Original languageEnglish
Article number9130923
Pages (from-to)2352-2364
Journal / PublicationIEEE Transactions on Geoscience and Remote Sensing
Volume59
Issue number3
Online published1 Jul 2020
Publication statusPublished - Mar 2021

Abstract

Endmember extraction (EE) plays a crucial part in the hyperspectral unmixing (HU) process. To obtain satisfactory EE results, the EE can be considered as the multiobjective optimization problem to optimize the volume maximization (VM) and root-mean-square error (RMSE) simultaneously. However, it is often quite challenging to balance the conflict of these objectives.

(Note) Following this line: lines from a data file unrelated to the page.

lemma reflect_hyperplane_swap:
  assumes "norm a = norm b"
  shows "reflect {x. inner (a - b) x = 0} a = b"
proof (rule reflect_eqI[OF subspace_hyperplane])
  have "inner (a - b) (a + b) = norm a ^ 2 - norm b ^ 2"
    by (simp add: power2_norm_eq_inner inner_diff_left inner_add_right inner_diff_right inner_commute)
  then show "(1/2) *\<^sub>R (a + b) \<in> {x. inner (a - b) x = 0}" using assms by simp
qed simp

lemma wall_reflection_wall_reflection: "wall_reflection R R' (wall_reflection R' R x) = x"
  unfolding wall_reflection_def by (simp add: Int_commute reflect_reflect)

lemma norm_wall_reflection: "norm (wall_reflection R R' x) = norm x"
  unfolding wall_reflection_def by (simp add: norm_reflect)

section \<open>Walks in the dual graph\<close>

lemma is_walk_singleton: "is_walk F [R] \<longleftrightarrow> R \<in> regions F"
  by (simp add: is_walk_def)

lemma is_walk_Cons_Cons:
  "is_walk F (R # R' # Rs) \<longleftrightarrow> adjacent F R R' \<and> is_walk F (R' # Rs)"
  by (auto simp: is_walk_def adjacent_def nth_Cons less_Suc_eq_0_disj split: nat.splits)

lemma is_walk_nonempty: "is_walk F W \<Longrightarrow> W \<noteq> []"
  by (simp add: is_walk_def)

lemma is_walk_append:
  "is_walk F xs \<Longrightarrow> is_walk F ys \<Longrightarrow> last xs = hd ys \<Longrightarrow> is_walk F (xs @ tl ys)"
proof (induction xs rule: induct_list012)
  case (2 R)
  then show ?case by (cases ys) (simp_all add: is_walk_def)
next
  case (3 R R' Rs)
  then show ?case by (simp add: is_walk_Cons_Cons)
qed (simp add: is_walk_def)

lemma is_walk_rev: "is_walk F W \<Longrightarrow> is_walk F (rev W)"
proof (induction W rule: induct_list012)
  case (3 R R' Rs)
  have "is_walk F [R', R]"
    using "3.prems" by (simp add: is_walk_Cons_Cons is_walk_singleton adjacent_def Int_commute)
  moreover have "is_walk F (rev (R' # Rs))" using 3 by (simp add: is_walk_Cons_Cons)
  ultimately show ?case using is_walk_append[of F "rev (R' # Rs)" "[R', R]"] by simp
qed (simp_all add: is_walk_def)

lemma last_append_tl: "ys \<noteq> [] \<Longrightarrow> last xs = hd ys \<Longrightarrow> last (xs @ tl ys) = last ys"
  by (cases ys) auto

lemma walk_map_append:
  "xs \<noteq> [] \<Longrightarrow> last xs = hd ys \<Longrightarrow> walk_map (xs @ tl ys) = walk_map ys \<circ> walk_map xs"
proof (induction xs rule: induct_list012)
  case (2 R)
  then show ?case by (cases ys) auto
next
  case (3 R R' Rs)
  then show ?case by (simp add: comp_assoc)
qed simp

In order to tackle the challenges of multiobjective EE, we present a (μ + λ) multiobjective differential evolution algorithm ((μ + λ)-MODE) based on ranking multiple mutations. In the (μ + λ)-MODE algorithm, ranking multiple mutations are adopted to create the mutant vectors via the scaling factor pool to enhance the population diversity. Moreover, mutant vectors employ the binary crossover operator to generate the trial vectors through a crossover control parameter pool in (μ + λ)-MODE to take advantage of the good information of the population. In addition, (μ + λ)-MODE utilizes the fast nondominated sorting approach to sort the parent and trial vectors, and then selects the elitism offspring as the next population via the (μ + λ) selection strategy. Eventually, experimental comparative results in three real HSIs reveal that our proposed (μ + λ)-MODE is superior to other EE methods.

Research Area(s)

  • (μ + λ) selection strategy, Endmember extraction (EE), multiobjective differential evolution (DE), ranking multiple mutations

Citation Format(s)

Hyperspectral Endmember Extraction by (μ + λ) Multiobjective Differential Evolution Algorithm Based on Ranking Multiple Mutations. / Tong, Lyuyang; Du, Bo; Liu, Rong; Zhang, Liangpei; Tan, Kay Chen.

In: IEEE Transactions on Geoscience and Remote Sensing, Vol. 59, No. 3, 9130923, 03.2021, p. 2352-2364.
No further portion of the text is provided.